lemma admissible_terms_of_std_rep:
  fixes S :: "('x, 'k::field, 'i) lpoly"
  assumes std: "std_rep ord ordm G S"
    and below: "\<And>k. k \<in> Poly_Mapping.keys (fst S) \<Longrightarrow> ord k L \<and> k \<noteq> L"
    and label: "opt_le ordm (map_option (shift_term s) (lppv ordm (snd S))) U"
    and "c \<noteq> 0"
  shows "\<exists>N. (\<forall>e\<in>#N. admissible_term ordm G U e \<and> ord (term_lpp ord e) (s + L) \<and> term_lpp ord e \<noteq> s + L) \<and>
    (\<Sum>e\<in>#N. term_poly e) = Poly_Mapping.single s c * fst S"
proof -
  obtain ps where ps_G: "\<forall>(q, hv)\<in>set ps. hv \<in> G"
    and ps_sum: "fst S = (\<Sum>(q, hv)\<leftarrow>ps. q * fst hv)"
    and ps_le: "\<forall>(q, hv)\<in>set ps. opt_le ord (lpp ord (q * fst hv)) (lpp ord (fst S)) \<and>
                  opt_le ordm (lppv ordm (vscale q (snd hv))) (lppv ordm (snd S))"
    using std unfolding std_rep_def by blast
  define ps' where "ps' = filter (\<lambda>(q, hv). q * fst hv \<noteq> 0) ps"
  define N where "N = (\<Sum>(q, hv)\<leftarrow>ps'. monomial_terms c s q hv)"
  have "(\<Sum>(q, hv)\<leftarrow>ps'. q * fst hv) = (\<Sum>(q, hv)\<leftarrow>ps. q * fst hv)"
    unfolding ps'_def by (rule sum_list_map_filter) auto
  then have sum: "(\<Sum>e\<in>#N. term_poly e) = Poly_Mapping.single s c * fst S"
    unfolding N_def sum_term_poly_sum_list_monomial_terms ps_sum by simp
  have "admissible_term ordm G U e \<and> ord (term_lpp ord e) (s + L) \<and> term_lpp ord e \<noteq> s + L" if e: "e \<in># N" for e
  proof -
    obtain q hv where qhv: "(q, hv) \<in> set ps" "q * fst hv \<noteq> 0" and e: "e \<in># monomial_terms c s q hv"
      using e by (auto simp: N_def ps'_def)
    obtain m where m: "lpp ord (q * fst hv) = Some m" using qhv(2) lpp_eq_None_iff by fastforce
    obtain M where M: "lpp ord (fst S) = Some M" "ord m M"
      using ps_le qhv(1) m by (cases "lpp ord (fst S)") auto
    have M_below: "ord M L" "M \<noteq> L" using below[OF lpp_in_keys[OF M(1)]] by auto
    have "opt_le ordm (lppv ordm (vscale q (snd hv))) (lppv ordm (snd S))"
      using ps_le qhv(1) by auto
    then have "opt_le ordm (map_option (shift_term s) (lppv ordm (vscale q (snd hv)))) U"
      using label opt_le_ordm_trans opt_le_shift_term_iff by blast
    moreover have "hv \<in> G" "fst hv \<noteq> 0" using ps_G qhv by auto
    ultimately have "admissible_term ordm G U e"
      using admissible_monomial_terms \<open>c \<noteq> 0\<close> e by blast
    moreover have "ord (term_lpp ord e) (s + M)"
      using term_lpp_monomial_terms[OF m e] ord_add_left[OF M(2)] ord_trans by blast
    moreover have "ord (s + M) (s + L)" "s + M \<noteq> s + L" using M_below ord_add_left by auto
    ultimately show ?thesis by (metis ord_trans ord_antisym)
  qed
  with sum show ?thesis by blast
qed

***

## PROBLEM TO WORK ON
Could you copy each line from the listing that has the word "obtain" in it?

## SOLUTION FOR THIS PROBLEM
  obtain ps where ps_G: "\<forall>(q, hv)\<in>set ps. hv \<in> G"
    obtain q hv where qhv: "(q, hv) \<in> set ps" "q * fst hv \<noteq> 0" and e: "e \<in># monomial_terms c s q hv"
    obtain m where m: "lpp ord (q * fst hv) = Some m" using qhv(2) lpp_eq_None_iff by fastforce
    obtain M where M: "lpp ord (fst S) = Some M" "ord m M"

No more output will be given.